Seriously speaking, liberal hegemony in the country is still very strong. Since 1991, virtually all major tenets disseminated in education, the humanities, and culture have been built strictly according to liberal templates. Everything from our Constitution is liberal. Even the very ban on ideology is a purely liberal ideological thesis. Liberals do not consider liberalism an ideology itself — it is their ‘ultimate truth’. Under ‘ideology’, they comprehend everything that challenges this ‘liberal truth’, such as socialism, communism, nationalism, or the political teachings of traditional society.

After the end of the USSR, liberal ideology became predominant in the Russian Federation. From the beginning, it took on a totalitarian nature. Liberals usually criticise totalitarianism — both right-wing (nationalist) and left-wing (socialist) —while hastily equating liberalism with ‘democracy’, opposing it to any totalitarian regime. However, the profound philosopher and Heidegger student Hannah Arendt insightfully noted that totalitarianism is a trait of all modern political ideologies, including liberal democracy. Liberalism is no exception; it is totalitarian by nature.

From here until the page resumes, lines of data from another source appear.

lemma neighbor_locating_comp:
  assumes f: "neighbor_locating V E f" and h: "inj_on h (f ` V)"
  shows "neighbor_locating V E (h \<circ> f)"
proof -
  have "f ` nbhd V E w \<subseteq> f ` V" for w by (auto simp: nbhd_def)
  then have nbhd_colours: "(h \<circ> f) ` nbhd V E u = (h \<circ> f) ` nbhd V E v \<longleftrightarrow>
      f ` nbhd V E u = f ` nbhd V E v" for u v
    using inj_on_image_eq_iff[OF h] by (simp only: image_comp[symmetric])
  have colours: "(h \<circ> f) u = (h \<circ> f) v \<longleftrightarrow> f u = f v" if "u \<in> V" "v \<in> V" for u v
    using inj_on_eq_iff[OF h] that by simp
  show ?thesis
    unfolding neighbor_locating_def
  proof (intro conjI ballI impI)
    fix u v assume "u \<in> V" "v \<in> V"
    then show "(h \<circ> f) u \<noteq> (h \<circ> f) v" if "E u v"
      using f that colours by (simp add: neighbor_locating_def)
    show "(h \<circ> f) ` nbhd V E u \<noteq> (h \<circ> f) ` nbhd V E v" if "u \<noteq> v \<and> (h \<circ> f) u = (h \<circ> f) v"
      using f that colours[OF \<open>u \<in> V\<close> \<open>v \<in> V\<close>] \<open>u \<in> V\<close> \<open>v \<in> V\<close>
      unfolding nbhd_colours by (simp add: neighbor_locating_def)
  qed
qed

lemma neighbor_locating_coloring_card_image:
  assumes "finite V" and f: "neighbor_locating V E f"
  shows "\<exists>g. neighbor_locating_coloring V E (card (f ` V)) g"
proof -
  obtain h where h: "bij_betw h (f ` V) {1..card (f ` V)}"
    using finite_same_card_bij[of "f ` V" "{1..card (f ` V)}"] \<open>finite V\<close> by auto
  then have "(h \<circ> f) ` V = {1..card (f ` V)}"
    by (simp add: bij_betw_def image_comp)
  moreover have "neighbor_locating V E (h \<circ> f)"
    using neighbor_locating_comp[OF f bij_betw_imp_inj_on[OF h]] .
  ultimately have "neighbor_locating_coloring V E (card (f ` V)) (h \<circ> f)"
    unfolding neighbor_locating_coloring_iff ..
  then show ?thesis by blast
qed

lemma chi_L2_le_card_image:
  assumes "finite V" and "neighbor_locating V E f"
  shows "chi_L2 V E \<le> card (f ` V)"
  unfolding chi_L2_def using neighbor_locating_coloring_card_image[OF assms] by (rule Least_le)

Like any totalitarianism, it is about a particular group of society (a definite minority) claiming to be the ‘bearer of universal truth’, thus knowing everything about the universal. Hence, totalitarianism — from Latin totalis, meaning entire, whole, complete. Based on a fanatical belief in their ideology’s infallibility, they impose their views on the whole society. The totalitarian ‘everything’ is easily contrasted with the majority opinion or various ideological groups actually existing in society. Usually, the totalitarian ruling elite justifies their ‘rightness’ by claiming to ‘possess knowledge of the meaning of history’, ‘hold the keys to the future’, and ‘act in the name of the common good’ (only apparent to them). Often, theories of progress, development, or the imperatives of freedom, equality, etc., act as such ‘keys to the future’. Nationalist totalitarian regimes appeal to the nation or race, proclaiming the superiority of some (i.e., themselves) over others. Bolsheviks act in the name of communism, which will come in the future, considering the party elite as bearers of awakened consciousness, ‘new people’. Liberals believe capitalism is the pinnacle of development and act in the name of progress and globalisation. Today, this includes gender politics and ecology. ‘We rule over you because we are progressive and protect minorities and the environment. Obey us!’

Minority Theory and Majority Criticism

Unlike the old (e.g., Hellenic) democracy, the majority and its opinion in totalitarian regimes, including totalitarian liberalism, are irrelevant. There is an argument for this: ‘Germans elected Hitler by a majority vote, so the majority isn’t an argument; it can make the wrong choice.’ Only the ‘enlightened / awakened’ (woke) liberal minority knows what is ‘right’. Moreover, the majority is suspicious and should be kept under strict control. Progressive minorities should rule. This is a direct admission of totalitarianism.

Proving the totalitarianism of Bolsheviks or Nazis is unnecessary; it is evident. But after the victory over Germany in 1945 and the dissolution of the USSR in 1991, liberalism remained the sole and main global ideology of the totalitarian type.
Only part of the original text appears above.